◆ **Activity**:
Check every line below for the string "unfolding". Copy the ones that have it.

◆ **Data for this task**:
== Segment start ==
theorem dual_dual_code:
  assumes "finite I" and "binary_linear_code I C"
  shows "dual_code I (dual_code I C) = C"
proof -
  have subset: "C \<subseteq> dual_code I (dual_code I C)"
  proof
    fix c
    assume "c \<in> C"
    then have "even (overlap I d c)" if "d \<in> dual_code I C" for d
      using that by (simp add: dual_code_iff overlap_commute[of I d c])
    moreover have "c \<in> words I"
      using \<open>c \<in> C\<close> assms(2) by (auto simp: binary_linear_code_def)
    ultimately show "c \<in> dual_code I (dual_code I C)"
      by (simp add: dual_code_iff)
  qed
  have "finite (dual_code I (dual_code I C))"
    using finite_words[OF assms(1)] dual_code_subset_words by (rule finite_subset[rotated])
  moreover have "card (words I) \<noteq> 0"
    using finite_words[OF assms(1)] by (auto simp: words_def)
  with card_mult_card_dual_code[OF assms]
    card_mult_card_dual_code[OF assms(1) binary_linear_code_dual_code[OF assms(1)]]
  have "card C = card (dual_code I (dual_code I C))"
    by (metis mult.commute mult_right_cancel mult_0_right)
  ultimately show ?thesis
    using card_subset_eq[OF _ subset] by simp
qed

lemma extend_code_iff:
  assumes "finite I" and "e \<notin> I" and "C \<subseteq> words I"
  shows "w \<in> extend_code I e C \<longleftrightarrow> w(e := False) \<in> C \<and> even (card {i\<in>insert e I. w i})"
proof -
  have parity: "card {i\<in>insert e I. (c(e := b)) i} = card {i\<in>I. c i} + of_bool b" for c b
  proof -
    have "{i\<in>insert e I. (c(e := b)) i} = (if b then insert e {i\<in>I. c i} else {i\<in>I. c i})"
      using assms(2) by auto
    then show ?thesis
      using assms(1,2) by simp
  qed
  show ?thesis
  proof
    assume "w \<in> extend_code I e C"
    then obtain c where "c \<in> C" and w: "w = c(e := odd (card {i\<in>I. c i}))"
      unfolding extend_code_def by auto
    moreover have "c e = False"
      using \<open>c \<in> C\<close> assms(2,3) by (auto simp: words_def)
    ultimately show "w(e := False) \<in> C \<and> even (card {i\<in>insert e I. w i})"
      using parity[of c] by (simp add: fun_upd_idem)
  next
    assume *: "w(e := False) \<in> C \<and> even (card {i\<in>insert e I. w i})"
    have "{i\<in>I. (w(e := False)) i} = {i\<in>I. w i}"
      using assms(2) by auto
    then have we: "w e = odd (card {i\<in>I. (w(e := False)) i})"
      using * parity[of "w(e := False)" "w e"] by simp
    have "w = (w(e := False))(e := odd (card {i\<in>I. (w(e := False)) i}))"
      unfolding fun_upd_upd by (simp only: we[symmetric] fun_upd_triv)
    then show "w \<in> extend_code I e C"
      unfolding extend_code_def using * by blast
  qed
qed

lemma card_blocks_choose:
  assumes "finite P" and blocks: "\<forall>b\<in>B. b \<subseteq> P \<and> card b = k"
    and count: "\<And>T. T \<subseteq> P \<Longrightarrow> card T = t \<Longrightarrow> card {b\<in>B. T \<subseteq> b} = c"
  shows "c * (card P choose t) = card B * (k choose t)"
proof -
  define Ts where "Ts = {T. T \<subseteq> P \<and> card T = t}"
  have "finite B" and "finite Ts"
    using assms(1) blocks by (auto simp: Ts_def intro: finite_subset[of _ "Pow P"])
  have "c * (card P choose t) = (\<Sum>T\<in>Ts. card {b\<in>B. T \<subseteq> b})"
    using count n_subsets[OF assms(1), of t] by (simp add: Ts_def)
  also have "\<dots> = (\<Sum>T\<in>Ts. \<Sum>b\<in>B. of_bool (T \<subseteq> b))"
    using \<open>finite B\<close> by (simp add: Int_def conj_commute)
  also have "\<dots> = (\<Sum>b\<in>B. \<Sum>T\<in>Ts. of_bool (T \<subseteq> b))"
    by (rule sum.swap)
  also have "\<dots> = (\<Sum>b\<in>B. k choose t)"
  proof (rule sum.cong[OF refl])
    fix b
    assume "b \<in> B"
    then have "Ts \<inter> {T. T \<subseteq> b} = {T. T \<subseteq> b \<and> card T = t}" and "finite b"
      using blocks assms(1) by (auto simp: Ts_def intro: finite_subset)
    then show "(\<Sum>T\<in>Ts. of_bool (T \<subseteq> b)) = k choose t"
      using \<open>finite Ts\<close> n_subsets[of b t] \<open>b \<in> B\<close> blocks by simp
  qed
  finally show ?thesis
    by simp
qed

lemma t_design_if_uniform:
  assumes "finite P" and blocks: "\<forall>b\<in>B. b \<subseteq> P \<and> card b = k" and "t \<le> card P"
    and uniform: "\<And>T T'. T \<subseteq> P \<Longrightarrow> card T = t \<Longrightarrow> T' \<subseteq> P \<Longrightarrow> card T' = t \<Longrightarrow>
      card {b\<in>B. T \<subseteq> b} = card {b\<in>B. T' \<subseteq> b}"
  shows "t_design P B t (card P) k (real (card B) * real (k choose t) / real (card P choose t))"
proof -
  obtain T\<^sub>0 where "T\<^sub>0 \<subseteq> P" and "card T\<^sub>0 = t"
    using obtain_subset_with_card_n[OF \<open>t \<le> card P\<close>] by blast
  define c where "c = card {b\<in>B. T\<^sub>0 \<subseteq> b}"
  have count: "card {b\<in>B. T \<subseteq> b} = c" if "T \<subseteq> P" and "card T = t" for T
    using uniform[OF that \<open>T\<^sub>0 \<subseteq> P\<close> \<open>card T\<^sub>0 = t\<close>] by (simp add: c_def)
  have "real c * real (card P choose t) = real (card B) * real (k choose t)"
    using card_blocks_choose[OF assms(1) blocks count] by (metis of_nat_mult)
  moreover have "card P choose t \<noteq> 0"
    using \<open>t \<le> card P\<close> by simp
  ultimately have "real c = real (card B) * real (k choose t) / real (card P choose t)"
    by (simp add: field_simps)
  then show ?thesis
    unfolding t_design_def using assms(1) blocks count by simp
qed

section \<open>The code \<open>D\<close> as a set of trace words\<close>

definition bool_sign :: "bool \<Rightarrow> int" where
  "bool_sign e = (if e then -1 else 1)"

locale almost_bent_code = almost_bent_function m g for m and g :: "'a::{field,finite} \<Rightarrow> 'a" +
  fixes A :: "'a set" and r :: nat
  assumes m_ge_3: "3 \<le> m" and g_zero: "g 0 = 0"
    and subgroup_A: "additive_subgroup A" and card_A: "card A = 2 ^ r"
begin

lemma zero_in_A: "0 \<in> A"
  using subgroup_A by (simp add: additive_subgroup_def)

lemma add_in_A: "a \<in> A \<Longrightarrow> a' \<in> A \<Longrightarrow> a + a' \<in> A"
  using subgroup_A by (simp add: additive_subgroup_def)

definition params :: "('a \<times> 'a \<times> bool) set" where
  "params = A \<times> UNIV \<times> UNIV"

definition codeword :: "'a \<times> 'a \<times> bool \<Rightarrow> 'a \<Rightarrow> bool" where
  "codeword p x = (case p of (a, b, e) \<Rightarrow> (tr m (a * g x + b * x) = 1) \<noteq> e)"

lemma codeword_apply [simp]: "codeword (a, b, e) x \<longleftrightarrow> (tr m (a * g x + b * x) = 1) \<noteq> e"
  by (simp add: codeword_def)

lemma codeword_at_zero: "codeword (a, b, e) 0 = e"
  by (simp add: g_zero)

lemma word_add_codeword:
  "word_add (codeword (a, b, e)) (codeword (a', b', e')) = codeword (a + a', b + b', e \<noteq> e')"
proof
  fix x
  have "(a + a') * g x + (b + b') * x = (a * g x + b * x) + (a' * g x + b' * x)"
    by (simp add: algebra_simps)
  then have "tr m ((a + a') * g x + (b + b') * x) = 1 \<longleftrightarrow>
      (tr m (a * g x + b * x) = 1) \<noteq> (tr m (a' * g x + b' * x) = 1)"
    by (simp only: tr_add_eq_1_iff[OF card_UNIV])
  then show "word_add (codeword (a, b, e)) (codeword (a', b', e')) x = codeword (a + a', b + b', e \<noteq> e') x"
    by (simp add: word_add_def) blast
qed

lemma binary_linear_code_codewords: "binary_linear_code UNIV (codeword ` params)"
  unfolding binary_linear_code_def
proof (intro conjI ballI)
  have "(\<lambda>_. False) = codeword (0, 0, False)"
    by auto
  then show "(\<lambda>_. False) \<in> codeword ` params"
    using zero_in_A by (auto simp: params_def)
  fix c d
  assume "c \<in> codeword ` params" and "d \<in> codeword ` params"
  then show "word_add c d \<in> codeword ` params"
    by (auto simp: params_def word_add_codeword add_in_A)
qed (simp add: words_def)

lemma dual_codewords_iff:
  "w \<in> dual_code UNIV (codeword ` params) \<longleftrightarrow>
    even (card {x. w x}) \<and> (\<forall>a\<in>A. \<forall>b. even (card {x. codeword (a, b, False) x \<and> w x}))"
proof
  assume "w \<in> dual_code UNIV (codeword ` params)"
  then have even: "even (card {x. codeword p x \<and> w x})" if "p \<in> params" for p
    using that by (simp add: dual_code_iff overlap_def)
  have "{x. codeword (0, 0, True) x \<and> w x} = {x. w x}"
    by simp
  then show "even (card {x. w x}) \<and> (\<forall>a\<in>A. \<forall>b. even (card {x. codeword (a, b, False) x \<and> w x}))"
    using even[of "(0, 0, True)"] even[of "(_, _, False)"] zero_in_A by (simp add: params_def)
next
  assume *: "even (card {x. w x}) \<and> (\<forall>a\<in>A. \<forall>b. even (card {x. codeword (a, b, False) x \<and> w x}))"
  have "even (card {x. codeword (a, b, e) x \<and> w x})" if "a \<in> A" for a b e
  proof (cases e)
    case True
    let ?S = "{x. codeword (a, b, False) x \<and> w x}"
    have "{x. codeword (a, b, e) x \<and> w x} = {x. w x} - ?S"
      using True by auto
    moreover have "card ({x. w x} - ?S) = card {x. w x} - card ?S"
      by (rule card_Diff_subset) auto
    moreover have "card ?S \<le> card {x. w x}"
      by (rule card_mono) auto
    ultimately show ?thesis
      using * \<open>a \<in> A\<close> by (simp only:) auto
  qed (use * \<open>a \<in> A\<close> in simp)
  then show "w \<in> dual_code UNIV (codeword ` params)"
    by (auto simp: dual_code_iff overlap_def params_def words_def)
qed

lemma code_gA_eq: "code_gA m g A = {codeword (a, b, False) | a b. a \<in> A}"
proof -
  have "(\<lambda>x. x \<noteq> 0 \<and> tr m (a * g x + b * x) = 1) = codeword (a, b, False)" for a b
    by (auto simp: g_zero)
  then show ?thesis
    by (simp add: code_gA_def)
qed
== Segment end ==
◆ **Exercise solution**:
      unfolding extend_code_def by auto
      unfolding fun_upd_upd by (simp only: we[symmetric] fun_upd_triv)
      unfolding extend_code_def using * by blast
    unfolding t_design_def using assms(1) blocks count by simp
  unfolding binary_linear_code_def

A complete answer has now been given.